Tuesday, February 26, 2019

Seattle Opera: The (R)evolution of Steve Jobs

I saw The (R)evolution of Steven Jobs on Saturday night at the Seattle Opera.  It was bad.  Unfortunately, the main problem with it is the actual subject matter.  Steven Jobs’s life is simply not interesting enough to serve as good matter for an opera.  What did the man do?  He designed some nice products, had a tempestuous relationship with colleagues, was a total shit to his family, got cancer, died.  A worthy subject for biography?  Sure.  An important figure in American life?  No question.  But it's a life short on dramatic material.  And even the few sparks you could generate are either tedious (office politics) or banal (marital spats).  In addition, the box office failure of two biopics about Steve Jobs are evidence enough that the general public really doesn’t care about him, despite the fanboy adulation of him in some quarters.  There is much that is good in this production but, like matter being sucked into a black hole, it can’t escape the gravitational pull of the nullity at the center of it.  

John Moore and Emily Fons
(Photo Credit: Philip Newton)
With music by Mason Bates and a libretto by Mark Campbell, The (R)evolution of Steve Jobs is pure hagiography.  According to Bates’s comments in the program notes, Jobs was “a visionary of Jesus-like charisma.”  No.  Structured in seventeen scenes, with an additional Prologue and Epilogue, TRSJ jumps around in the life of its subject.  We get Jobs unveiling the iPhone in 2007, then Jobs taking a calligraphy class in 1974, then off to 1989 when he meets his future wife, then back to 1986 where he abuses his employees and is kicked out of his own company, etc.  Along the way he encounters the spirit of his deceased Buddhist mentor, Kōbun Chino Otogawa, who offers him platitudes about simplicity and the importance of being present in the moment.  Jobs, in turns out, was a devout Buddhist.  (Why is it that Westerners who adopt Buddhism are usually the biggest assholes of them all?)  None of this is particularly gripping.  Imagine if instead of Steve Jobs we were dealing with an opera about, say, Thomas Edison.  We would watch him invent the light bulb, and then the phonograph, and then something else; he’d abuse the people in his workshop; he’d fight with colleagues; then he would find peace with God.  Yawn.   

But, as I said, there are some very good things in TRSJ.  Bates music is a delight.  It surges and swirls, moving always, a beautiful combination of the traditional orchestra with electronic music as well.  Jobs sings about the restlessness of his mind and Bates brings that fully to life.  Nicole Paiement, in her Seattle Opera debut, conducted with passion and command.  The singing is uniformly good.  In the title role baritone John Moore almost never leaves the stage during the opera's intermission-free 95-minute running time.  His Jobs, so unlike the real one, is a winning and at times endearing figure. The aria in which Jobs imagines the computer as "something we play" was a show-stopper.  There was good singing from Adam Lau as Kōbun and Madison Leonard as Jobs much abused girlfriend Chrisann.  Emily Fons played Jobs's wife Laurene with great sympathy and tenderness.  Because this is an electronic score, the singers need to have their voices amplified.  While purist may amplify their voices in objection, this allows the singers to lower their volume and hence increase their emotional range.  Large and hyperactive, Garrett Sorenson as Jobs's colleague Steve Wozniak was fetching.  The scene in which a young Jobs and Woz stick it to the phone company by inventing a device that allows them to make free phone calls is one of the best scenes in the opera. When Woz later denounces Jobs, Sorenson brings to it all the rage and bitterness of Alberich cursing the ring from Wagner's Das Rheingold.  And that's appropriate because the spirit of Wagner, or Wagnerism at any rate, hovers about Bates's score.
John Moore and Garrett Sorenson (Photo credit: Philip Newton)
But the most impressive performances in the show were by set designer Vita Tzykun, lighting designer Japhy Weideman, and video designers 59 Productions and Benjamin Pearcy.
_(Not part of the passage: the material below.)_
(* For all integers $n,k\geq 1$, the RBM variety and the RBM model factor as Hadamard powers: $V^k_n=(V^1_n)^{[k]}$ and $M^k_n=(M^1_n)^{[k]}$.
   Context: For parameters $W\in\mathbb{R}^{k\times n}$, $b\in\mathbb{R}^n$, $c\in\mathbb{R}^k$ and $v\in\{0,1\}^n$, $h\in\{0,1\}^k$ put $\psi(v,h)=\exp(h^{\top}Wv+b^{\top}v+c^{\top}h)$ and $p(v)=\frac1Z\sum_{h}\psi(v,h)$ with $Z=\sum_{v,h}\psi(v,h)$. Equivalently, with $\gamma_i=e^{c_i}$, $\omega_{ij}=e^{W_{ij}}$, $\beta_j=e^{b_j}$, $p(v)=\frac1Z\beta_1^{v_1}\cdots\beta_n^{v_n}\prod_{i=1}^k(1+\gamma_i\omega_{i1}^{v_1}\cdots\omega_{in}^{v_n})$. The RBM model $M^k_n$ is the set of all such $(p(v))_{v\in\{0,1\}^n}$ in the open simplex $\Delta_{2^n-1}$. The RBM variety $V^k_n$ is the Zariski closure of $M^k_n$ in the complex projective space $\mathbb{P}^{2^n-1}$. For subvarieties $X,Y\subseteq\mathbb{P}^m$, the Hadamard product $X*Y$ is the closure of the image of the rational map $X\times Y\dashrightarrow\mathbb{P}^m$, $(x,y)\mapsto(x_0y_0:\dots:x_my_m)$; $X^{[1]}=X$ and $X^{[k]}=X*X^{[k-1]}$. For a subset $M$ of an open probability simplex, $M^{[k]}$ is the set of vectors obtained by componentwise multiplication of $k$ elements of $M$ followed by rescaling so that the coordinates sum to one. *)

theory Defs
  imports Complex_Main
begin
TRSJ is an audio-visual feast.  Six large panels move about the stage, setting up scenes and projecting images.  Sometimes they show tranquil images of mountains at sunrise, at other moments images of circuitry, sometimes the circular ēnso figure from Japanese calligraphy which so enchanted Jobs.  Surrounding the stage are bars of light. These, too, are used to great effect.  When Jobs is fired from Apple the bars of light begin to flicker wildly and the images on the panel go out of focus and seem to break up; the trauma is conveyed to us strictly using Bates's music and audio-visuals. And finally, director Kevin Newbury is to be commended for bringing together all the moving parts in this production so smoothly and effectively.  The (R)evolution of Steve Jobs will play at the Seattle Opera until March 9th.